Starting with the line containing "that occurrence sits" and going on through the line containing "x(u) and one", return the lines of the data below exactly, and only those.

####

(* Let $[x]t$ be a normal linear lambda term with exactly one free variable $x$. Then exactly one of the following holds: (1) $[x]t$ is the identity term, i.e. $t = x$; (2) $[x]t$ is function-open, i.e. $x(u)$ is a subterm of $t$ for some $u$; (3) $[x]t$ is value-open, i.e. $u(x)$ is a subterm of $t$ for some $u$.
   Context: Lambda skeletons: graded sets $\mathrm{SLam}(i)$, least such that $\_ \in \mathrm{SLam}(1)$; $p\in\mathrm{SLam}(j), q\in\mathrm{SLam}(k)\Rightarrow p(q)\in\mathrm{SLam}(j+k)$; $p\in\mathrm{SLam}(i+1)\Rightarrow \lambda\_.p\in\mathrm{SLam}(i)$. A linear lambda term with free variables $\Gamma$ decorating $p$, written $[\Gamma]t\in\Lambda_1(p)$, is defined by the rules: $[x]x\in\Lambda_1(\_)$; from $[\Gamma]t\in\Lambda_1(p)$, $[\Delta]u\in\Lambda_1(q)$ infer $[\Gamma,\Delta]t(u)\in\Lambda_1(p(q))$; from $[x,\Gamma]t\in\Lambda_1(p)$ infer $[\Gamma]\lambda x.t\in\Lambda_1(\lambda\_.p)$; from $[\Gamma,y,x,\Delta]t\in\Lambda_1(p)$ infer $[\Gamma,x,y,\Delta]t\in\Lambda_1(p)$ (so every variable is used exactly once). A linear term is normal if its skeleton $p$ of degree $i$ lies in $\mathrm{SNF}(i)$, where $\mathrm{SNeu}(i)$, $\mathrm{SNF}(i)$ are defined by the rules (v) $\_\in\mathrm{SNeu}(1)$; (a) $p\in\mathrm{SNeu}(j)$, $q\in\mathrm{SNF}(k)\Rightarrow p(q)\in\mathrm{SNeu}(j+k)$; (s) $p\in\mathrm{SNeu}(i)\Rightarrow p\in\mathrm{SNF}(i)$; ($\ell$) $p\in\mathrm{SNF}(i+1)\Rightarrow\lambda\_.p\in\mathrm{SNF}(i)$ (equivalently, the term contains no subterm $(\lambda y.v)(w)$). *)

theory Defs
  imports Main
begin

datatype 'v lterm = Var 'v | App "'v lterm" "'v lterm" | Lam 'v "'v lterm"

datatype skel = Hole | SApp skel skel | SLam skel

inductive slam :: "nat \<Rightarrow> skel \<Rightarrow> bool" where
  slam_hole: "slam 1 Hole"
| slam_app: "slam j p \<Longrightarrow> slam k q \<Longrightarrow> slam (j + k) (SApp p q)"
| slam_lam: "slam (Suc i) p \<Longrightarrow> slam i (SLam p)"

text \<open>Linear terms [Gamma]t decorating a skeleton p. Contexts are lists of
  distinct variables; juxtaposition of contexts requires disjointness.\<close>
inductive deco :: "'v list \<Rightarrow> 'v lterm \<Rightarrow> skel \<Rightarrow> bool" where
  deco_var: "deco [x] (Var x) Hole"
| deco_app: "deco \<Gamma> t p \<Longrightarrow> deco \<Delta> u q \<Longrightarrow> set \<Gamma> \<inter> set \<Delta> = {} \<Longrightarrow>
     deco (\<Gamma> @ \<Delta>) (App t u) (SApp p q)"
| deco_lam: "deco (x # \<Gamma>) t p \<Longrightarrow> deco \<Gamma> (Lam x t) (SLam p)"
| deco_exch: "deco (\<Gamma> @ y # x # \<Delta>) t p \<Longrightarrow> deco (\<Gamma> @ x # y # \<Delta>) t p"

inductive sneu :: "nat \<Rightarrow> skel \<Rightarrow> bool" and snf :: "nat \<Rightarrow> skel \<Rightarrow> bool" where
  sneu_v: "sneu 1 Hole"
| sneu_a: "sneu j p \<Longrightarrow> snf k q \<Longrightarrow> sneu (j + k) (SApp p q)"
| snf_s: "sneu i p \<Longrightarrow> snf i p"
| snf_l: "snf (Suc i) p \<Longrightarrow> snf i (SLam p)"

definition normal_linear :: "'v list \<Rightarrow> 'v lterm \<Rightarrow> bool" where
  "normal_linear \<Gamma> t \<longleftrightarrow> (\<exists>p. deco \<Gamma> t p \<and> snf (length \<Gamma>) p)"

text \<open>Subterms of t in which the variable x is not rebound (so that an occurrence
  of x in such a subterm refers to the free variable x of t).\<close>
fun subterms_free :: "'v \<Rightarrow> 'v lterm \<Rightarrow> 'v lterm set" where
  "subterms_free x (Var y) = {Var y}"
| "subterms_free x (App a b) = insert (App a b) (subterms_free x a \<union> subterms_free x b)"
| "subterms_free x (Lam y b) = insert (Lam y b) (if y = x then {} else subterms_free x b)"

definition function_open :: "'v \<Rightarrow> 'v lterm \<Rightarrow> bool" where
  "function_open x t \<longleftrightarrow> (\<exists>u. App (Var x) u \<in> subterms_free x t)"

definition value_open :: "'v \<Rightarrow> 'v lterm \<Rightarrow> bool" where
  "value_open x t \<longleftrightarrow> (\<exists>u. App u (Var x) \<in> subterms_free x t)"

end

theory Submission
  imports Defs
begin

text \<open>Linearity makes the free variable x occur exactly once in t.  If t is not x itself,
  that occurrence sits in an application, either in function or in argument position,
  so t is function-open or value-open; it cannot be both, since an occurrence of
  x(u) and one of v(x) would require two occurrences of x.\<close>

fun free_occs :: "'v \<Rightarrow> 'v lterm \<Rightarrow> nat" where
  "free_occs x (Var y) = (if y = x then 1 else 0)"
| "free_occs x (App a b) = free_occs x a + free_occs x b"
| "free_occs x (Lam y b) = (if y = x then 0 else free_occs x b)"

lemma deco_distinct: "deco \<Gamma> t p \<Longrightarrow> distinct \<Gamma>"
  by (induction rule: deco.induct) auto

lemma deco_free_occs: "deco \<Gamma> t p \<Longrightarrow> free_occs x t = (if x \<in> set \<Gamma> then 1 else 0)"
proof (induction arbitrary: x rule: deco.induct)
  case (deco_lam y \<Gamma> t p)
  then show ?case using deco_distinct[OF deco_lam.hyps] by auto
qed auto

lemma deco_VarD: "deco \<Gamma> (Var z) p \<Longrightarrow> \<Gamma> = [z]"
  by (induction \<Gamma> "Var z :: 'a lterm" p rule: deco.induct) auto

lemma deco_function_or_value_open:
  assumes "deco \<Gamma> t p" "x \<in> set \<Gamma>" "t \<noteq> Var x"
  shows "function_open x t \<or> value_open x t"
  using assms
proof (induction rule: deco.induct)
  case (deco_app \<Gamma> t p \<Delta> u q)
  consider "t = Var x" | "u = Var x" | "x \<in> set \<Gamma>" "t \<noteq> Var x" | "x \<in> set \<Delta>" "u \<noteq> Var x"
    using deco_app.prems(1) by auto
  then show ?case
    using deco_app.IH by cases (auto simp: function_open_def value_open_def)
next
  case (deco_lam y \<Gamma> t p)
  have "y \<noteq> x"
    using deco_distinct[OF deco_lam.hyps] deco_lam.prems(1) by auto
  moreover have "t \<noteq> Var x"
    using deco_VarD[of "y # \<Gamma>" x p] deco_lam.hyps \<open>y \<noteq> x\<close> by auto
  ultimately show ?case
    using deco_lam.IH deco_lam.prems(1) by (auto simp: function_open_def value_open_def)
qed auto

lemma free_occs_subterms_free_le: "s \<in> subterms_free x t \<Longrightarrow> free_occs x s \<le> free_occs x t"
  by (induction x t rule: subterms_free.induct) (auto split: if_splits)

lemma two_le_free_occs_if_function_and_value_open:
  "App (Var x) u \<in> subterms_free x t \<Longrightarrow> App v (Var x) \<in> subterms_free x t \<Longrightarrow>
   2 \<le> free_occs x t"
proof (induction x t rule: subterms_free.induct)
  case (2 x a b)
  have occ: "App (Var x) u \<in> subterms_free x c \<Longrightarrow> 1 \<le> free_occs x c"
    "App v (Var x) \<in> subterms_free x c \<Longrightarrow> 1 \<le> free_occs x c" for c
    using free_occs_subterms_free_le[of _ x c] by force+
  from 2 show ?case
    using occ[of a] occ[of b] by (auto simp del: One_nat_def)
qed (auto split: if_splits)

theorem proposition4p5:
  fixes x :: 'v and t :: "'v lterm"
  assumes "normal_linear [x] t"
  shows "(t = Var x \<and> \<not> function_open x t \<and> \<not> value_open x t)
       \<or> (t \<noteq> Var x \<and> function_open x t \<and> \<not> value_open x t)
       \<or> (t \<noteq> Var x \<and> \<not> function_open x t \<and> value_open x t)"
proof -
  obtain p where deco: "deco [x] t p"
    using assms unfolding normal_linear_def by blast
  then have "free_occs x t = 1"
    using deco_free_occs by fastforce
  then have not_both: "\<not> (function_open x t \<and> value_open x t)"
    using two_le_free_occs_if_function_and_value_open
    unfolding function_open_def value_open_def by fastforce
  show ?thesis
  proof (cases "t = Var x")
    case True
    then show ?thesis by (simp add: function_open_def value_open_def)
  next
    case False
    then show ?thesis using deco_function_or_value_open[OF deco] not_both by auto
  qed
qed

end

####

RESPONSE |
  that occurrence sits in an application, either in function or in argument position,
  so t is function-open or value-open; it cannot be both, since an occurrence of
  x(u) and one of v(x) would require two occurrences of x.\<close>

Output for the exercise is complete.